No Mr. GameObject, I expect you to die.

We were talking about iterator.next() modifying the backing collection, which obviously violates the contract of .next().

I may have missed something, but couldn’t the actual creation of the iterator (ie. collection.iterator()) actually strip out any dead objects? Then the iterator just behaves normally.

Although I’d be slightly worried that the reported size (via .size()) of a collection and the amount of objects you iterate over could not match up. That might trip you up if you’re not careful (say, allocating an array and then iterating to fill it up). I don’t think you can get a 100% safe collection with the iterator trick, but it’s probably close enough that the bugs would be rare if you’re aware of it.

Doh. I missed that entirely.

That’s exactly how it is done. One iterator wrapping another.

[quote=“Orangy Tang,post:42,topic:40000”]
It isn’t the aim to create a general purpose collection/iterator pair. The purpose is the write a specialized piece of code that solves a specific problem, and should be regarded an implementation detail, not part of a (defendable) public API.

I really wonder what makes this trivial problem so confusing.

Aye he did, except he did it clearly in just a few words without any assumptions, egotism, or argumentativeness. Like a breath of fresh air!

The problem had long been solved, without assumptions, egotism or argumentativeness, before the part about weak references.

You guys are great. So much smart and fun in one thread.
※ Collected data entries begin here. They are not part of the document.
(* Let $\Phi$ satisfy the Standing Assumption and suppose moreover that the Lévy measure $\nu_\Phi$ is absolutely continuous with respect to Lebesgue measure. Let $X$ be a Banach space, $F:X\to X$ a bounded linear operator, $\xi,f_0\in X$. If the problem $\partial_t^\Phi f(t)=\xi+Ff(t)$ for $t>0$, $f(0)=f_0$, admits a solution $f\in C([0,+\infty),X)$, then this solution is unique among solutions in $C([0,+\infty),X)$.
   Context: Standing Assumption: $\Phi$ is a special Bernstein function (both $\Phi$ and $\lambda/\Phi(\lambda)$ are Bernstein functions) with Lévy–Khintchine representation $\Phi(\lambda)=\int_0^\infty(1-e^{-\lambda x})\nu_\Phi(dx)$ (i.e. $a_\Phi=b_\Phi=0$) and $\nu_\Phi(0,\infty)=\infty$; the potential measure of its subordinator has a non-increasing density $u_\Phi$ with $u_\Phi(t)\le Ct^{\beta-1}$ on $(0,t_0)$ for some $t_0,C>0,\beta\in(0,1)$. $\bar\nu_\Phi(t)=\nu_\Phi((t,\infty))$. Generalized Caputo derivative: $\partial_t^\Phi f(t)=\frac{d}{dt}\int_0^t\bar\nu_\Phi(t-s)(f(s)-f(0))ds$. *)

theory Defs
  imports "HOL-Probability.Probability"
begin

definition bernstein :: "(real \<Rightarrow> real) \<Rightarrow> bool" where
  "bernstein g \<longleftrightarrow>
     (\<forall>x>0. g x \<ge> 0) \<and>
     (\<forall>n. \<forall>x>0. ((deriv ^^ n) g has_real_derivative (deriv ^^ Suc n) g x) (at x)) \<and>
     (\<forall>n\<ge>1. \<forall>x>0. (-1) ^ (n - 1) * (deriv ^^ n) g x \<ge> 0)"

definition nu_bar :: "real measure \<Rightarrow> real \<Rightarrow> real" where
  "nu_bar \<nu> t = measure \<nu> {t<..}"

text \<open>Standing assumption: Phi(l) = int (1 - e^(-l x)) nu(dx) with nu a Levy measure on (0,oo),
  nu(0,oo) = oo, Phi special Bernstein, and the potential measure of the subordinator
  (characterized by its Laplace transform 1/Phi) has a non-increasing density u with
  u(t) \<le> C t^(beta-1) near 0.\<close>
definition standing_assumption :: "(real \<Rightarrow> real) \<Rightarrow> real measure \<Rightarrow> (real \<Rightarrow> real) \<Rightarrow> bool" where
  "standing_assumption \<Phi> \<nu> u \<longleftrightarrow>
     sets \<nu> = sets borel \<and>
     emeasure \<nu> {..0} = 0 \<and>
     (\<integral>\<^sup>+ x. ennreal (min 1 x) \<partial>\<nu>) < \<infinity> \<and>
     emeasure \<nu> {0<..} = \<infinity> \<and>
     (\<forall>l>0. ennreal (\<Phi> l) = (\<integral>\<^sup>+ x. ennreal (1 - exp (- l * x)) \<partial>\<nu>)) \<and>
     bernstein \<Phi> \<and>
     bernstein (\<lambda>l. l / \<Phi> l) \<and>
     (\<forall>t>0. u t \<ge> 0) \<and>
     (\<forall>s t. 0 < s \<longrightarrow> s \<le> t \<longrightarrow> u t \<le> u s) \<and>
     (\<forall>l>0. (\<integral>\<^sup>+ t\<in>{0<..}. ennreal (exp (- l * t) * u t) \<partial>lborel) = ennreal (1 / \<Phi> l)) \<and>
     (\<exists>t0 C \<beta>. t0 > 0 \<and> C > 0 \<and> 0 < \<beta> \<and> \<beta> < 1 \<and>
        (\<forall>t. 0 < t \<and> t < t0 \<longrightarrow> u t \<le> C * t powr (\<beta> - 1)))"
So much complexity for such a trivial thing :emo:

Cas :slight_smile:

What are you talking about? Just last night I got 90% done scoping out my AbstractEntityLifeCycleCollectionFactory. I just need to connect a concrete implementation thereof to one of my XMLConfigurationEnterprise Beans and I should be 60% of the way to being 30% done! :slight_smile:

Although the discussion has touched on a lot of different topics and whatnot, an iterator that removes dead entities in the background during iteration doesn’t strike me as all that complex to write or to use.